## TASK INSTRUCTIONS
In the entries that follow, the line with "S \<Longrightarrow> s" opens the range and the line with "S \<Longrightarrow> inv" closes it; repeat that range exactly, both lines included.
(RECORDS)
(* With $\theta$ and $\widehat\Theta$ as in the context, $(X_\theta,S)$ is a topological factor of $(X_{\widehat\Theta},S)$, i.e. there is a continuous surjection $\pi:X_{\widehat\Theta}\to X_\theta$ with $\pi\circ S=S\circ\pi$.
   Context: For a primitive substitution $\zeta$ over an alphabet $\mathbb{B}$, $X_\zeta\subset\mathbb{B}^{\mathbb{Z}}$ is the set of sequences all of whose finite blocks occur in some iterate $\zeta^k(b)$, and $S$ is the left shift. Let $\theta:\mathbb{A}\to\mathbb{A}^\lambda$ ($\lambda\ge2$) be primitive, injective on letters, with infinite subshift, $c=c(\theta)=\min_{k\ge1,0\le j<\lambda^k}|\{\theta^k(a)_j:a\in\mathbb{A}\}|$. Let $\mathcal{X}$ be the set of $M\subset\mathbb{A}$ with $|M|=c$ and $M=\{\theta^k(a)_j:a\in\mathbb{A}\}$ for some $k\ge1$, $j<\lambda^k$; $\widetilde\theta(M)_j:=\{\theta(a)_j:a\in M\}\in\mathcal{X}$, and $a\mapsto\theta(a)_j$ is a bijection $M\to\widetilde\theta(M)_j$. Assume (after passing to a power) $a_0\in M_0\in\mathcal{X}$ with $\theta(a_0)_0=a_0$, $\widetilde\theta(M_0)_0=M_0$. Fix a total order on $M_0$ with minimum $a_0$, and $k_0\ge1$, $j_0<\lambda^{k_0}$ with $\theta^{k_0}(a)_{j_0}=a$ ($a\in M_0$) and $\widetilde\theta^{k_0}(M)_{j_0}=M_0$ ($M\in\mathcal{X}$). Order each $M$ by $a<b$ iff $\theta^{k_0}(a)_{j_0}<\theta^{k_0}(b)_{j_0}$; $e_M(i)$ is the $(i+1)$-th smallest element of $M$. $\widetilde\Theta(i,M)_j=(i',\widetilde\theta(M)_j)$ where $\theta(e_M(i))_j=e_{\widetilde\theta(M)_j}(i')$; $\sigma_{M,j}\in\mathcal{S}_c$ is defined by $\sigma_{M,j}(m)=n$ iff $\widetilde\Theta(n,M)_j=(m,\widetilde\theta(M)_j)$; $G=\langle\sigma_{M,j}\rangle\le\mathcal{S}_c$; $\widehat\Theta:G\times\mathcal{X}\to(G\times\mathcal{X})^\lambda$, $\widehat\Theta(\sigma,M)_j=(\sigma\circ\sigma_{M,j},\widetilde\theta(M)_j)$ (a primitive substitution). *)

theory Defs
  imports "HOL-Analysis.Analysis"
begin

text \<open>A substitution of constant length L over letters of type 'b is a map
  zeta :: 'b => nat => 'b, where zeta b j (for j < L) is the j-th letter of zeta(b).\<close>

fun subst_pow :: "nat \<Rightarrow> ('b \<Rightarrow> nat \<Rightarrow> 'b) \<Rightarrow> nat \<Rightarrow> 'b \<Rightarrow> nat \<Rightarrow> 'b" where
  "subst_pow L z 0 b = (\<lambda>j. b)"
| "subst_pow L z (Suc k) b = (\<lambda>j. z (subst_pow L z k b (j div L)) (j mod L))"

definition subst_lang :: "'b set \<Rightarrow> nat \<Rightarrow> ('b \<Rightarrow> nat \<Rightarrow> 'b) \<Rightarrow> 'b list set" where
  "subst_lang B L z = {w. \<exists>b\<in>B. \<exists>k i. i + length w \<le> L ^ k \<and>
       (\<forall>t<length w. w ! t = subst_pow L z k b (i + t))}"

definition subshift :: "'b set \<Rightarrow> nat \<Rightarrow> ('b \<Rightarrow> nat \<Rightarrow> 'b) \<Rightarrow> (int \<Rightarrow> 'b) set" where
  "subshift B L z = {x. \<forall>m (n::nat). map (\<lambda>t. x (m + int t)) [0..<n] \<in> subst_lang B L z}"

definition shift :: "(int \<Rightarrow> 'b) \<Rightarrow> (int \<Rightarrow> 'b)" where
  "shift x = (\<lambda>n. x (n + 1))"

definition shift_topology :: "(int \<Rightarrow> 'b) topology" where
  "shift_topology = product_topology (\<lambda>_. discrete_topology UNIV) UNIV"

definition primitive_subst :: "'b set \<Rightarrow> nat \<Rightarrow> ('b \<Rightarrow> nat \<Rightarrow> 'b) \<Rightarrow> bool" where
  "primitive_subst B L z \<longleftrightarrow> (\<exists>k\<ge>1. \<forall>a\<in>B. \<forall>b\<in>B. \<exists>j<L ^ k. subst_pow L z k a j = b)"

definition column :: "nat \<Rightarrow> ('a \<Rightarrow> nat \<Rightarrow> 'a) \<Rightarrow> nat \<Rightarrow> nat \<Rightarrow> 'a set" where
  "column L th k j = {subst_pow L th k a j | a. True}"

definition col_min :: "nat \<Rightarrow> ('a \<Rightarrow> nat \<Rightarrow> 'a) \<Rightarrow> nat" where
  "col_min L th = (LEAST n. \<exists>k\<ge>1. \<exists>j<L ^ k. card (column L th k j) = n)"

definition minsets :: "nat \<Rightarrow> ('a \<Rightarrow> nat \<Rightarrow> 'a) \<Rightarrow> 'a set set" where
  "minsets L th = {M. card M = col_min L th \<and> (\<exists>k\<ge>1. \<exists>j<L ^ k. M = column L th k j)}"

definition tsubst :: "nat \<Rightarrow> ('a \<Rightarrow> nat \<Rightarrow> 'a) \<Rightarrow> nat \<Rightarrow> 'a set \<Rightarrow> nat \<Rightarrow> 'a set" where
  "tsubst L th k M j = (\<lambda>a. subst_pow L th k a j) ` M"

text \<open>The order on M0 is given by an enumeration e0 : {0..<c} -> M0 in increasing order
  (e0 i = the (i+1)-th smallest element of M0). For M in X the order is
  a < b iff theta^k0(a)_j0 < theta^k0(b)_j0, so the (i+1)-th smallest element of M
  is the element of M sent to e0 i by a |-> theta^k0(a)_j0.\<close>
definition eM :: "nat \<Rightarrow> ('a \<Rightarrow> nat \<Rightarrow> 'a) \<Rightarrow> nat \<Rightarrow> nat \<Rightarrow> (nat \<Rightarrow> 'a) \<Rightarrow> 'a set \<Rightarrow> nat \<Rightarrow> 'a" where
  "eM L th k0 j0 e0 M i = (THE a. a \<in> M \<and> subst_pow L th k0 a j0 = e0 i)"

definition sigmaM :: "nat \<Rightarrow> ('a \<Rightarrow> nat \<Rightarrow> 'a) \<Rightarrow> nat \<Rightarrow> nat \<Rightarrow> (nat \<Rightarrow> 'a) \<Rightarrow> 'a set \<Rightarrow> nat \<Rightarrow> nat \<Rightarrow> nat" where
  "sigmaM L th k0 j0 e0 M j m =
     (if m < col_min L th then
        (THE n. n < col_min L th \<and>
           th (eM L th k0 j0 e0 M n) j = eM L th k0 j0 e0 (tsubst L th 1 M j) m)
      else m)"

inductive_set gen_group :: "(nat \<Rightarrow> nat) set \<Rightarrow> (nat \<Rightarrow> nat) set" for S where
  gen_id: "id \<in> gen_group S"
| gen_base: "s \<in> S \<Longrightarrow> s \<in> gen_group S"
| gen_comp: "f \<in> gen_group S \<Longrightarrow> g \<in> gen_group S \<Longrightarrow> f \<circ> g \<in> gen_group S"
| gen_inv: "f \<in> gen_group S \<Longrightarrow> inv f \<in> gen_group S"

definition Ggroup :: "nat \<Rightarrow> ('a \<Rightarrow> nat \<Rightarrow> 'a) \<Rightarrow> nat \<Rightarrow> nat \<Rightarrow> (nat \<Rightarrow> 'a) \<Rightarrow> (nat \<Rightarrow> nat) set" where
  "Ggroup L th k0 j0 e0 =
     gen_group {sigmaM L th k0 j0 e0 M j | M j. M \<in> minsets L th \<and> j < L}"

definition hatTheta :: "nat \<Rightarrow> ('a \<Rightarrow> nat \<Rightarrow> 'a) \<Rightarrow> nat \<Rightarrow> nat \<Rightarrow> (nat \<Rightarrow> 'a)
    \<Rightarrow> ((nat \<Rightarrow> nat) \<times> 'a set) \<Rightarrow> nat \<Rightarrow> ((nat \<Rightarrow> nat) \<times> 'a set)" where
  "hatTheta L th k0 j0 e0 p j =
     (fst p \<circ> sigmaM L th k0 j0 e0 (snd p) j, tsubst L th 1 (snd p) j)"

definition hatAlph :: "nat \<Rightarrow> ('a \<Rightarrow> nat \<Rightarrow> 'a) \<Rightarrow> nat \<Rightarrow> nat \<Rightarrow> (nat \<Rightarrow> 'a) \<Rightarrow> ((nat \<Rightarrow> nat) \<times> 'a set) set" where
  "hatAlph L th k0 j0 e0 = Ggroup L th k0 j0 e0 \<times> minsets L th"

end

theory Submission
  imports Defs
begin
(End RECORDS)
## OUTPUT BELOW
| gen_base: "s \<in> S \<Longrightarrow> s \<in> gen_group S"
| gen_comp: "f \<in> gen_group S \<Longrightarrow> g \<in> gen_group S \<Longrightarrow> f \<circ> g \<in> gen_group S"
| gen_inv: "f \<in> gen_group S \<Longrightarrow> inv f \<in> gen_group S"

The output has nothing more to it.